▸ **PROBLEM STATEMENT**: Using the records below, output the stretch that opens with the line containing "(r * \<alpha>)) ^" and closes with the line containing "m * \<alpha>))", exactly and including both lines, with nothing more.
#####
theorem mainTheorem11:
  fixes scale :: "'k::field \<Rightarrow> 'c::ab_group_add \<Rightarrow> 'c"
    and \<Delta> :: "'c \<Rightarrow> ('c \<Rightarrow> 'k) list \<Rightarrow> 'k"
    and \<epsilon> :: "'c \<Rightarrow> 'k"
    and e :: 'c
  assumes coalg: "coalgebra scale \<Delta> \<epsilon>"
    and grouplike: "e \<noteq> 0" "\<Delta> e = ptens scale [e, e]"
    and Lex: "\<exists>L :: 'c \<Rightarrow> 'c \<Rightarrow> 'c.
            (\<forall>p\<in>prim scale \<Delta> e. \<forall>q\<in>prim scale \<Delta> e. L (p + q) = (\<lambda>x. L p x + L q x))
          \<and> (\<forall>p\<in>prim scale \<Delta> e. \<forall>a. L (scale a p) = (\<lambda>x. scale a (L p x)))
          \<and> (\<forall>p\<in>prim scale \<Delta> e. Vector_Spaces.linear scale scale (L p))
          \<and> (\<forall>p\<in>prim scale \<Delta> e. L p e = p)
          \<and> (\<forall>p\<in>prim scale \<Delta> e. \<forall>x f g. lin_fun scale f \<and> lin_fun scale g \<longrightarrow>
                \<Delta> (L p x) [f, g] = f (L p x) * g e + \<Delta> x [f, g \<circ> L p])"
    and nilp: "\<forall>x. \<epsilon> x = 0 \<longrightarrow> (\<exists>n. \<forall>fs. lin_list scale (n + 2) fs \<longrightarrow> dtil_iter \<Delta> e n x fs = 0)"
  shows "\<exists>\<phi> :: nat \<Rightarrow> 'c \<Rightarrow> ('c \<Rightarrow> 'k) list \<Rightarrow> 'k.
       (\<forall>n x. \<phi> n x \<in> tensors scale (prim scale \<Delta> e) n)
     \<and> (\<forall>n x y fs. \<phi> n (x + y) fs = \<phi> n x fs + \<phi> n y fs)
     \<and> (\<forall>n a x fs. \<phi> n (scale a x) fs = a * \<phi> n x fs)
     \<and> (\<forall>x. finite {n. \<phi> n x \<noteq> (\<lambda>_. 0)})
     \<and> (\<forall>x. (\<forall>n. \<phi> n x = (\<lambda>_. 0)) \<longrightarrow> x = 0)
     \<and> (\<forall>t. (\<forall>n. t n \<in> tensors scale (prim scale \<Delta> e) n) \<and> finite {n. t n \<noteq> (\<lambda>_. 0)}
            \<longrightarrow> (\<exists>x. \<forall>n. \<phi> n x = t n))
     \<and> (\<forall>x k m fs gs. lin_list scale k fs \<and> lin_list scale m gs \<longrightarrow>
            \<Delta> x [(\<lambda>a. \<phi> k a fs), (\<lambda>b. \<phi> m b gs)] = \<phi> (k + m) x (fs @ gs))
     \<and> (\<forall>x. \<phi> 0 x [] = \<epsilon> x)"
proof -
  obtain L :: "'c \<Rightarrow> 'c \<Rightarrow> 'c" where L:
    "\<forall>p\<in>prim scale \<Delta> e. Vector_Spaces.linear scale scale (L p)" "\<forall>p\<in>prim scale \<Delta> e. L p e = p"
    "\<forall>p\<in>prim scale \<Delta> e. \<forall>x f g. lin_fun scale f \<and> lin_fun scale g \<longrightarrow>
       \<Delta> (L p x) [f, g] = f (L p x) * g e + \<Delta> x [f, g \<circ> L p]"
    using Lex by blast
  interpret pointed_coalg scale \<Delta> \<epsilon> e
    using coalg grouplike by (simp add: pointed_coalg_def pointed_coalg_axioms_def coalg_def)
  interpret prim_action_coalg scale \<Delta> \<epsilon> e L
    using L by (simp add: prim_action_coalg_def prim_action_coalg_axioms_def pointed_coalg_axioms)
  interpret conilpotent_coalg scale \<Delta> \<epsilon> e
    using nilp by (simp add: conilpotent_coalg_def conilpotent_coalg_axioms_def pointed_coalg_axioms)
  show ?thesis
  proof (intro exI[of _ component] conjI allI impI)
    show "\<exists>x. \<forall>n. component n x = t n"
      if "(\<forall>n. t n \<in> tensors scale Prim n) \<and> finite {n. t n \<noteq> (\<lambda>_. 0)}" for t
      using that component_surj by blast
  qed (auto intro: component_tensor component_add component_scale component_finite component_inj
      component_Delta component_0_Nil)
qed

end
#####
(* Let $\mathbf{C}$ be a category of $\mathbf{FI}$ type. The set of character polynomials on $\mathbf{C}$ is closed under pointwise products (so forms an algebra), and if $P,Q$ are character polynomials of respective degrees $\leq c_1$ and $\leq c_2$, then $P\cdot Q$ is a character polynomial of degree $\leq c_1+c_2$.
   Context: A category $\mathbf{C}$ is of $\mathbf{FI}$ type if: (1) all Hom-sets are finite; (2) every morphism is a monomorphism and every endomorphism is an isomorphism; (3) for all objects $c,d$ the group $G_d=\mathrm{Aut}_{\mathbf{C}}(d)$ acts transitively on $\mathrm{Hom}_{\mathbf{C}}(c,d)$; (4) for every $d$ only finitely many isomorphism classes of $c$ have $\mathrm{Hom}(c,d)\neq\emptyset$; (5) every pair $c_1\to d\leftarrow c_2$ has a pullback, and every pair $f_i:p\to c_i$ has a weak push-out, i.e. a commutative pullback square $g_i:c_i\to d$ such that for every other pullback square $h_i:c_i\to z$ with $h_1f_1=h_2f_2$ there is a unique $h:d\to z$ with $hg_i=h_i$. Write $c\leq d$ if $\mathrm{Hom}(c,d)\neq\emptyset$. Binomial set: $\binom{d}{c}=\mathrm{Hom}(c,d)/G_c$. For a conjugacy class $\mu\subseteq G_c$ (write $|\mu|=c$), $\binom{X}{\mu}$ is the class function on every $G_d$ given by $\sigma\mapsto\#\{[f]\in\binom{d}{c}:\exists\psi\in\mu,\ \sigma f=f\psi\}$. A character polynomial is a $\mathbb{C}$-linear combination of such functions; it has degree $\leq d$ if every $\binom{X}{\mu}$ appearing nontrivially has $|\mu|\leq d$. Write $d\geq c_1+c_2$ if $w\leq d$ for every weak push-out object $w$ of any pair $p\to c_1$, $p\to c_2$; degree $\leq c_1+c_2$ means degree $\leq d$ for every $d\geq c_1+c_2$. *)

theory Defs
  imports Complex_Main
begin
#####
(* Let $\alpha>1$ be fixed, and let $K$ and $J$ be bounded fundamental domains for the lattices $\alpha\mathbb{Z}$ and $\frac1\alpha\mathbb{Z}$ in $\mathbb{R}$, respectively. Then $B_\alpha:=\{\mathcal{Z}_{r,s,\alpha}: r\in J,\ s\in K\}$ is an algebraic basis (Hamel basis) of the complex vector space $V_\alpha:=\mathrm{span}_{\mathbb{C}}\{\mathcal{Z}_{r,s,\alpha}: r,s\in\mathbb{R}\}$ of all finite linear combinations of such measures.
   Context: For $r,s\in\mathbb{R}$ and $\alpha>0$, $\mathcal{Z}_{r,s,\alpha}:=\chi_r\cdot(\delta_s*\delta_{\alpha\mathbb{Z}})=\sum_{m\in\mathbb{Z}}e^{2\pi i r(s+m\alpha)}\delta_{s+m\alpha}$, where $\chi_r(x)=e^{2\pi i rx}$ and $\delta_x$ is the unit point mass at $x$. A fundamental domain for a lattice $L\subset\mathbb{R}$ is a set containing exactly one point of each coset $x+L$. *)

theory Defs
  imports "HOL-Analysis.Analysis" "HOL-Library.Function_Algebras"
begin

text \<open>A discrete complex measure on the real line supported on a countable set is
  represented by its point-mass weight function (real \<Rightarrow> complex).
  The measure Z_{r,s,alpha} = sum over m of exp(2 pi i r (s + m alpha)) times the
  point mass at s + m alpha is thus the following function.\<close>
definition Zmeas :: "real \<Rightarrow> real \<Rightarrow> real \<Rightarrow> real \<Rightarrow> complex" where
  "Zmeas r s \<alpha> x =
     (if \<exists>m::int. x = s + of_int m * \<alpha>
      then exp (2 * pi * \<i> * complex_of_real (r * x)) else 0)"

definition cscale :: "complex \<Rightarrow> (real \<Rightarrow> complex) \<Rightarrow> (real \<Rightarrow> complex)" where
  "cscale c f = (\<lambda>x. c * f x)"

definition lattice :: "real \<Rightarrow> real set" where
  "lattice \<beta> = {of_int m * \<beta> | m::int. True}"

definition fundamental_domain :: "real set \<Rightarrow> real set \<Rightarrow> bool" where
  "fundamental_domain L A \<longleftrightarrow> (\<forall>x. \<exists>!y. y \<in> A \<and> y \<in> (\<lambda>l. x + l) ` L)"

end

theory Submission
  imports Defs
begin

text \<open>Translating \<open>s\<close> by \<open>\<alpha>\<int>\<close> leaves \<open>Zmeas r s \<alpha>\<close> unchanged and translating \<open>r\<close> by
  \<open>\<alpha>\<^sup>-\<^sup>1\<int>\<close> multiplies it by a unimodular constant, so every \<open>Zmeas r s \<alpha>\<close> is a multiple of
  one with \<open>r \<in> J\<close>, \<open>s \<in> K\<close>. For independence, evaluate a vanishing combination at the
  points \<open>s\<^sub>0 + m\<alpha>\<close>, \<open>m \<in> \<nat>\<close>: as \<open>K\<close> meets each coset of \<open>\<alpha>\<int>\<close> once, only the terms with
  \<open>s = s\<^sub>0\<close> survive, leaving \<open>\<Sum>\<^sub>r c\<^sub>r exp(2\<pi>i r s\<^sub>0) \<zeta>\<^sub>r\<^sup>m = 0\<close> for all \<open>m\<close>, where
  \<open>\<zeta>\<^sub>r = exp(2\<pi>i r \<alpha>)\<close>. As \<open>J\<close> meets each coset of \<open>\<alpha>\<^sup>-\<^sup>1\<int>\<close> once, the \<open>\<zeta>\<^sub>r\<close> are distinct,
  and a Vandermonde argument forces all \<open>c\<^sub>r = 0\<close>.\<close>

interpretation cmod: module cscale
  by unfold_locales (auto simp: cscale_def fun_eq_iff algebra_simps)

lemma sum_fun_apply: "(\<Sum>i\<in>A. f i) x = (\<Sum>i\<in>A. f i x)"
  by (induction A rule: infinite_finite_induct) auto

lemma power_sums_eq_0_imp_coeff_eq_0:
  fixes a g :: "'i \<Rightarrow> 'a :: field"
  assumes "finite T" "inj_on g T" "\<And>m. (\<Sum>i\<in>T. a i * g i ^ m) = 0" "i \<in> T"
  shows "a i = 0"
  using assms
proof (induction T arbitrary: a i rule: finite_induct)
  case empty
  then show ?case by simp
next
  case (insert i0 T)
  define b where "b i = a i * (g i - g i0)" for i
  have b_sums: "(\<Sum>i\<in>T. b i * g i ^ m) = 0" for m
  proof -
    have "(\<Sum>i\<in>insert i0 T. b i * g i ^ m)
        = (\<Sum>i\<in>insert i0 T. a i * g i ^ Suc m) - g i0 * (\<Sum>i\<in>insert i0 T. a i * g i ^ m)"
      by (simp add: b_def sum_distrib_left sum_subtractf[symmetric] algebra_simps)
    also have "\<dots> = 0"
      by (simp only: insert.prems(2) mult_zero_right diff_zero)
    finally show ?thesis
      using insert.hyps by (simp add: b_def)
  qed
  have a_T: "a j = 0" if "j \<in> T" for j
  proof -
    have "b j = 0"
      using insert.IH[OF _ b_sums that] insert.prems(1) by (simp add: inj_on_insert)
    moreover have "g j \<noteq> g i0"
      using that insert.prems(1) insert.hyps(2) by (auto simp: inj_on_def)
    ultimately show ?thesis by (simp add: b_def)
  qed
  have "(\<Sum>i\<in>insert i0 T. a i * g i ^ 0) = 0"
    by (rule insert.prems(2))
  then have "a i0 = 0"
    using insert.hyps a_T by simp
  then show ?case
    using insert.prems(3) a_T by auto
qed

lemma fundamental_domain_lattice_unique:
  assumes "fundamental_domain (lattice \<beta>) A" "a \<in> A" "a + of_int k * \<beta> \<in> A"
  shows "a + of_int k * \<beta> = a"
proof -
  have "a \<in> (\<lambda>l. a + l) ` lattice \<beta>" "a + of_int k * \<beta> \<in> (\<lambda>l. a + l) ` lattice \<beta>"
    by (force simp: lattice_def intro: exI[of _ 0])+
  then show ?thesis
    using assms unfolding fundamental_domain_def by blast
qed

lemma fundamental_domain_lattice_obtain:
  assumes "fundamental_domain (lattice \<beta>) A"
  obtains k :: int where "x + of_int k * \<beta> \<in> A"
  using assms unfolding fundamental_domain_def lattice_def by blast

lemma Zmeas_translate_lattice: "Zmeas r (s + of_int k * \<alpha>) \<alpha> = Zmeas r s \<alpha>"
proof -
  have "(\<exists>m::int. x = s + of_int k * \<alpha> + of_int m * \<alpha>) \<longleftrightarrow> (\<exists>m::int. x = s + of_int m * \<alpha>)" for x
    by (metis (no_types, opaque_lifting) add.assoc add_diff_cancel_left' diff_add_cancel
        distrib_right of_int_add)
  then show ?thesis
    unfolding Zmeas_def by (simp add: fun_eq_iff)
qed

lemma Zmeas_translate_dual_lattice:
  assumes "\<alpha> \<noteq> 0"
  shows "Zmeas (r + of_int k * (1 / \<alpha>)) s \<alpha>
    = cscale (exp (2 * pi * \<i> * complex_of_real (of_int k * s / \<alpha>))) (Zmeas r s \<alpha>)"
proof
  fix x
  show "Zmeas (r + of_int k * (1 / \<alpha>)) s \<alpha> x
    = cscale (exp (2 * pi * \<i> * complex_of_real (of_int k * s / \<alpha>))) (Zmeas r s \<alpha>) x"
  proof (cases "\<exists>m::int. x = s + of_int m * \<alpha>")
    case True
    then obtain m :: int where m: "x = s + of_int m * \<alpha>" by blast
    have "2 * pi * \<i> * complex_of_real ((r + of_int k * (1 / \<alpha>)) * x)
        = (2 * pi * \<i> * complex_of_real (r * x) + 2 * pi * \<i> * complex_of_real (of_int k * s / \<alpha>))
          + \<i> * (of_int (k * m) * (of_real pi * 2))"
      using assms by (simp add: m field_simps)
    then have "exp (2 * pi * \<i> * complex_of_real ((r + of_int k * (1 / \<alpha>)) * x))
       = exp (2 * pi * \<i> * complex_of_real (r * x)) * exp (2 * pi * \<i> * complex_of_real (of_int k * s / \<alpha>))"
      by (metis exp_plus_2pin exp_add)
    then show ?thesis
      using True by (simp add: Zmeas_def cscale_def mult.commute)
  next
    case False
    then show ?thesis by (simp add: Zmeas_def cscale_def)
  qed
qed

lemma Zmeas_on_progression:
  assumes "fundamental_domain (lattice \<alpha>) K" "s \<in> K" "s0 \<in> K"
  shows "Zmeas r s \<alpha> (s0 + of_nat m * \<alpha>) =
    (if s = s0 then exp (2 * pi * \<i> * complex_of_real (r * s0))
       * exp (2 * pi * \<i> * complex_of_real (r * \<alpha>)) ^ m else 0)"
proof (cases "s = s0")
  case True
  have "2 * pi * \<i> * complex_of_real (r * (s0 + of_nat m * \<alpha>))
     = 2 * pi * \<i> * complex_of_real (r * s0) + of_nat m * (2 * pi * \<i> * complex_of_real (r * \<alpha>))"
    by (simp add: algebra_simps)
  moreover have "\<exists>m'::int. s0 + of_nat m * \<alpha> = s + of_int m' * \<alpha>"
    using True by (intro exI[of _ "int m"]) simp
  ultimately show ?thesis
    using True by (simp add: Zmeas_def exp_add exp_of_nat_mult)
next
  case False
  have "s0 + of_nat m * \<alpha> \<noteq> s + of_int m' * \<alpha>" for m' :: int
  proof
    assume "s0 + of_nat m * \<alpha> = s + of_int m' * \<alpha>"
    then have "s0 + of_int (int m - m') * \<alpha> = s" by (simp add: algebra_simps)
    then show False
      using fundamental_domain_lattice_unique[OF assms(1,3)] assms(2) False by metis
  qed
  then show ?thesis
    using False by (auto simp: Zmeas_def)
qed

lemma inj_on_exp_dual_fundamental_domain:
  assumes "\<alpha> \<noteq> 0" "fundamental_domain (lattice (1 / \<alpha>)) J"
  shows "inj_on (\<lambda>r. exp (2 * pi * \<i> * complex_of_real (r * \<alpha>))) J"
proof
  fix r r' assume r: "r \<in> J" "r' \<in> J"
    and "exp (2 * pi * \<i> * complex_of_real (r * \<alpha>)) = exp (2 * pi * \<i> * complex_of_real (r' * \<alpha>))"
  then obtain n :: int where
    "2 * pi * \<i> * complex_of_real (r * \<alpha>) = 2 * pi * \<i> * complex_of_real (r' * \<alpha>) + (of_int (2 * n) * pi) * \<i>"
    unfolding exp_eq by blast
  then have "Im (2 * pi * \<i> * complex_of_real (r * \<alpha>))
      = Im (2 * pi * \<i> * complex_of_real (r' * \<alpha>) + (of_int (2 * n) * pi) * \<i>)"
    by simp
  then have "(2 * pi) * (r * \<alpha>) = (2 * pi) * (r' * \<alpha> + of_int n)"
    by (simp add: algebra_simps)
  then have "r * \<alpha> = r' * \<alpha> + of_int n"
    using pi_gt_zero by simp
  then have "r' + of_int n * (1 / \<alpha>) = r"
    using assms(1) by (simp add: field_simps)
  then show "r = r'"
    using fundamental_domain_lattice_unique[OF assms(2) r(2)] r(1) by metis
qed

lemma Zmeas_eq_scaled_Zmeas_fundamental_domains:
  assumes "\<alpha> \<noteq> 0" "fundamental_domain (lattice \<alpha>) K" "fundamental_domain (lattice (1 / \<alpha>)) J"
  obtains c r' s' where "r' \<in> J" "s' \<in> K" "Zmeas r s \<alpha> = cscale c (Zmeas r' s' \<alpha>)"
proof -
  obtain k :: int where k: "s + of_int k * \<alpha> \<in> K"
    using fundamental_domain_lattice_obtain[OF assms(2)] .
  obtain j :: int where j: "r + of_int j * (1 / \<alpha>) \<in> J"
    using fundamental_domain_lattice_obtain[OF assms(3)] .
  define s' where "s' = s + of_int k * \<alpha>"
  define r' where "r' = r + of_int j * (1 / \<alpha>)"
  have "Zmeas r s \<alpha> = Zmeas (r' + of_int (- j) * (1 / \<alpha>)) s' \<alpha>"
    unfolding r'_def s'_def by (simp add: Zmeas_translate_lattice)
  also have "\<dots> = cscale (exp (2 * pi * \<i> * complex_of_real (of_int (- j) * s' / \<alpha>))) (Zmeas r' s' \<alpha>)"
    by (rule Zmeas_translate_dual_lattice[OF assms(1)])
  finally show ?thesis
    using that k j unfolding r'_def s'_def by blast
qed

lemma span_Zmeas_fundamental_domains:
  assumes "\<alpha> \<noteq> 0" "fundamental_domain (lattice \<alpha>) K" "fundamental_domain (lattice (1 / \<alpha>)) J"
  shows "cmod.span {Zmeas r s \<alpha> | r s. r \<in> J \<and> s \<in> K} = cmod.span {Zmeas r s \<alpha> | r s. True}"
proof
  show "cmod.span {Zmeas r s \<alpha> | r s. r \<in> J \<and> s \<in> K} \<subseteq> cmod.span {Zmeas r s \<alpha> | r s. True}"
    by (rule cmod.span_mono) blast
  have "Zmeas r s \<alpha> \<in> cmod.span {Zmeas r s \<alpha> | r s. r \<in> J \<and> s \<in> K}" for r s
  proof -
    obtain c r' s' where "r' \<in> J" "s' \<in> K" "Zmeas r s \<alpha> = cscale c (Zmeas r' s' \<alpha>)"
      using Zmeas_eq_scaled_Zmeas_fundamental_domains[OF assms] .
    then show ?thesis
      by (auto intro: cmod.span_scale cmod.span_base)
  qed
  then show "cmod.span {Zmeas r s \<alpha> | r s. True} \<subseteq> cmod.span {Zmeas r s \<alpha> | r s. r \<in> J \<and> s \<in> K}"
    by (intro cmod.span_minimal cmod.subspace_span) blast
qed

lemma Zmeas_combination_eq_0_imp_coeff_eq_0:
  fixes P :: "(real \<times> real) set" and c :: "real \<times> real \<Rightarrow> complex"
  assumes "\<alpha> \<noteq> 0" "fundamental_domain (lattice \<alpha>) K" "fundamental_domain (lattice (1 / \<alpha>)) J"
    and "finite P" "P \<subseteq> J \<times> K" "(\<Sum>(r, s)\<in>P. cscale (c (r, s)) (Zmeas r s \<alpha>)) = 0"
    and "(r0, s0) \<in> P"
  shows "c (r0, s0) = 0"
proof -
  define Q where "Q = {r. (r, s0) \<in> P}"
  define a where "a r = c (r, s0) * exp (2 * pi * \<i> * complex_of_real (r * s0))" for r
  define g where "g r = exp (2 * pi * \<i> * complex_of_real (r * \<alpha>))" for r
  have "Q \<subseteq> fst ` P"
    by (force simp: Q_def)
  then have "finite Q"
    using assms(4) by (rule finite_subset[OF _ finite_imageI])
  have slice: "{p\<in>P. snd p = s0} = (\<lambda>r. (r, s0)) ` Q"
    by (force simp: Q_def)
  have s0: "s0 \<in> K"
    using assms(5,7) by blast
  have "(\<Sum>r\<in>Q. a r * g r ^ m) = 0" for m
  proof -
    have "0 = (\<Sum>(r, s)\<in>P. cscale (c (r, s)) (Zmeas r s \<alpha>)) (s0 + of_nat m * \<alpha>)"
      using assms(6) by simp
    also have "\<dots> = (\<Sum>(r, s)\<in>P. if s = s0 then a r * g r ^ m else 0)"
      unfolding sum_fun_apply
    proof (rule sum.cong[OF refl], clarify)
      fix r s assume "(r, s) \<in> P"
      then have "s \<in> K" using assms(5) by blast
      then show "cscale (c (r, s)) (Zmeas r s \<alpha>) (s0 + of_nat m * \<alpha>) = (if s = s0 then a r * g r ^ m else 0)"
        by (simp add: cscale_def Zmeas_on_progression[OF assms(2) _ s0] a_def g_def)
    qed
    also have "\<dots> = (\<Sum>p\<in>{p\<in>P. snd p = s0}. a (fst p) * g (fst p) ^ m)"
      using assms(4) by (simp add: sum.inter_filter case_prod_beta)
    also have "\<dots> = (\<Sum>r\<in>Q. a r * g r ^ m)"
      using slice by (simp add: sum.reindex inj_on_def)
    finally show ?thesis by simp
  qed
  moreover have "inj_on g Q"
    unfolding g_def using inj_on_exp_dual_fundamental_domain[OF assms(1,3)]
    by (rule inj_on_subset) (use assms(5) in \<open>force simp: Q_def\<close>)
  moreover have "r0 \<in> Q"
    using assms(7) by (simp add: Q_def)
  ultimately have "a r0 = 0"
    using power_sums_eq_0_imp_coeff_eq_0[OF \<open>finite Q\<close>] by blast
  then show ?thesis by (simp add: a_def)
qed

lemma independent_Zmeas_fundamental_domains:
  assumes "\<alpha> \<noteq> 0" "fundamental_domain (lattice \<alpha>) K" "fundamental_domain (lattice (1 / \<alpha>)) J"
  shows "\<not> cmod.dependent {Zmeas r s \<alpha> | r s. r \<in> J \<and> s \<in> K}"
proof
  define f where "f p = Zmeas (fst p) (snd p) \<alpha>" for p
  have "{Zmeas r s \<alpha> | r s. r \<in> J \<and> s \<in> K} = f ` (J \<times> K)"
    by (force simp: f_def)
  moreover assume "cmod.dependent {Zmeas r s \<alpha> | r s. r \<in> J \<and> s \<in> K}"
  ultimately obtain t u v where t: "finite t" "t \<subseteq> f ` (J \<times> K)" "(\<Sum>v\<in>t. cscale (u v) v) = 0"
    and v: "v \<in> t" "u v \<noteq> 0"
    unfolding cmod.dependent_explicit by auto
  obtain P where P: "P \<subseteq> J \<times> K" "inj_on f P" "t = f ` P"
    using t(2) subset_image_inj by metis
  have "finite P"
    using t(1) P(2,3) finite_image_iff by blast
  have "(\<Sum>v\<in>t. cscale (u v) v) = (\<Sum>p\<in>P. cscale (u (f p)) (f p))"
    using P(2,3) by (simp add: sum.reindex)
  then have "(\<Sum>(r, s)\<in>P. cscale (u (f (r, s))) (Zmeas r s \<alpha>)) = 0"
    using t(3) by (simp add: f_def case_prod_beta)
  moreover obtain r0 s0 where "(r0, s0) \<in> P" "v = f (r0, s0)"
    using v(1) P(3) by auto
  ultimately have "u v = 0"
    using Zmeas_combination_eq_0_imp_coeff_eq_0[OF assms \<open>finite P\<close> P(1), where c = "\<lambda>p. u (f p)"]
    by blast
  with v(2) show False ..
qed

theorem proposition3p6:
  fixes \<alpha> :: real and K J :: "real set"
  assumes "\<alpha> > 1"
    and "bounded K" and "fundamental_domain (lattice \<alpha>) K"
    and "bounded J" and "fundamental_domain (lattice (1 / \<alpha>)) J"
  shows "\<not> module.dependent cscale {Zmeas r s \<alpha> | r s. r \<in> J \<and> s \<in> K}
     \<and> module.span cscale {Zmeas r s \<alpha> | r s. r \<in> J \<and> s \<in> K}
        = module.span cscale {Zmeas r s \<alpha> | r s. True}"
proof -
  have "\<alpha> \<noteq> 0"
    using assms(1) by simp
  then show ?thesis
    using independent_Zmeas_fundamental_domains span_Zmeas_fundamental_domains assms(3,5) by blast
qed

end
#####
▸ **RESULT FOR THIS EXERCISE**:
       * exp (2 * pi * \<i> * complex_of_real (r * \<alpha>)) ^ m else 0)"
proof (cases "s = s0")
  case True
  have "2 * pi * \<i> * complex_of_real (r * (s0 + of_nat m * \<alpha>))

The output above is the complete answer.